What is likely to happen and that I would like you to confirm is that the post process cannot keep up with the events ingestion rate. Events keep piling up until Kafka drops the old ones for running out of space and the post process consumer does not have a committed offset to start from anymore. Would you share the amount of events you ingest per second to ensure this is the scenario we are talking about?

Now, one point that was not discussed was that resetting the offset of the post process consumer means loosing data. The events post processing feature would never run on the events that were dropped and all those that were skipped. This is not a behavior snuba would take automatically. I'd argue it should not as this kind of data loss should not happen transparently.

Now what to do about it?

good news is that the parallel consumer is going to be deployed for post processing soonish. It is likely to happen within H1, that would make it much faster at processing events.
The reason the post process cannot keep up (assuming this was your issue) is that by default the onpremise deployment creates only one partition, which means events are strictly consumed sequentially. Do you send all your load on one single project or is it spread across multiple projects? If your load is already spread among multiple projects you can increase the partitions number of the events topic in kafka. At this point if you start multiple instances of the post process consumer (post-process-forwarder ) these will consume the partitions in parallel, and you will increase your throughput.
If your load is entirely in one project the situation is more complex. Every project is assigned to one and only one partition, which means that increasing partitions, if you have one project only, won't help. In this case is there any way you can divide your load across multiple sentry projects?

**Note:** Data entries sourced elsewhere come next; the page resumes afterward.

lemma disc_return_eq_opt_value:
  assumes "\<And>t. optimal_action (traj T s as t) (as t)"
  shows "disc_return T r \<gamma> s as = opt_value T r \<gamma> s"
proof -
  obtain M where M: "\<And>s as. \<bar>disc_return T r \<gamma> s as\<bar> \<le> M"
    using disc_return_bounded by blast
  have gap: "opt_value T r \<gamma> s - disc_return T r \<gamma> s as \<le> \<gamma> ^ n * (2 * M)"
    if "\<And>t. optimal_action (traj T s as t) (as t)" for n s as
    using that
  proof (induction n arbitrary: s as)
    case 0
    have "opt_value T r \<gamma> s \<le> M"
      using M by (intro opt_value_le) (auto simp: abs_le_iff)
    then show ?case using M[of s as] by (simp add: abs_le_iff)
  next
    case (Suc n)
    let ?s' = "T s (as 0)" and ?as' = "\<lambda>t. as (Suc t)"
    have "optimal_action (traj T ?s' ?as' t) (?as' t)" for t
      using Suc.prems[of "Suc t"] by (simp only: traj_Suc_shift)
    then have "opt_value T r \<gamma> ?s' - disc_return T r \<gamma> ?s' ?as' \<le> \<gamma> ^ n * (2 * M)"
      by (rule Suc.IH)
    moreover have "opt_value T r \<gamma> s - disc_return T r \<gamma> s as =
        \<gamma> * (opt_value T r \<gamma> ?s' - disc_return T r \<gamma> ?s' ?as')"
      using Suc.prems[of 0] disc_return_unroll[of s as]
      by (simp add: optimal_action_def algebra_simps)
    ultimately show ?case
      using discount_pos by (simp add: mult_left_mono)
  qed
  have "(\<lambda>n. \<gamma> ^ n * (2 * M)) \<longlonglongrightarrow> 0"
    using discount_pos discount_less_one
    by (intro tendsto_mult_left_zero LIMSEQ_power_zero) simp
  then have "opt_value T r \<gamma> s - disc_return T r \<gamma> s as \<le> 0"
    using gap[OF assms] by (intro LIMSEQ_le_const) auto
  then show ?thesis using disc_return_le_opt_value[of s as] by linarith
qed

lemma exists_optimal_trajectory: "\<exists>as. disc_return T r \<gamma> s as = opt_value T r \<gamma> s"
proof -
  define \<pi> where "\<pi> x = (SOME a. optimal_action x a)" for x
  have "optimal_action x (\<pi> x)" for x
    unfolding \<pi>_def using exists_optimal_action by (rule someI_ex)
  then have "disc_return T r \<gamma> s (\<lambda>t. \<pi> (policy_traj T \<pi> s t)) = opt_value T r \<gamma> s"
    by (intro disc_return_eq_opt_value) (simp only: traj_policy_traj)
  then show ?thesis by blast
qed

end

lemma succ_feat_unroll:
  fixes phi :: "'s::finite \<Rightarrow> real^'d"
  assumes "0 \<le> \<gamma>" "\<gamma> < 1"
  shows "succ_feat T phi \<gamma> s as = phi s + \<gamma> *\<^sub>R succ_feat T phi \<gamma> (T s (as 0)) (\<lambda>t. as (Suc t))"
  unfolding succ_feat_def by (rule discounted_traj_unroll[OF assms])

Happy to provide further clarifications.

Filippo

fpacifici on 22 Jan 2021

@fpacifici Thank you for the reply. Just to be clear, I have overcome these issues for the time being myself. My comments and observations were in response to @BYK and just giving my 2 cents on the situation as other users are experiencing this.

I am almost certain this was the case though, and for everyone else above, that the ingestion rate was far below expectations on and Kafka dropped them. I'll see if I can fetch some numbers for you, but I have since made sure events were scaled down (as individuals were misusing the Sentry instance and misunderstood what is classified as an event ;) ). As a result, I don't really have these problems anymore.

I believe Snuba having the capabilities to at least self-diagnose to inform the user on what may have happened could be helpful here though, or even documentation that covers the ingestion workflow and what people should "look out for". I understand that self-healing might not be ideal because that could increase the loss of documents.

Parallel consumption could well solve this issue for most individuals, presumably this means a single consumer could be fed more resources in order to open more threads to processing events? OR, do you mean we could have multiple consumers on a single topic?

Either way, in my case, and other using Kubernetes based deployments. It'll make things much easier to scale out.

DandyDeveloper on 22 Jan 2021

@DandyDeveloper I came back to mention potential data loss but @fpacifici beat me to it. I think we can at least show people the option with a big red warning: we can automatically recover but that will mean you'll lose all the events in the past x hours. Transparency and easiness to understand the system is quite important, I agree.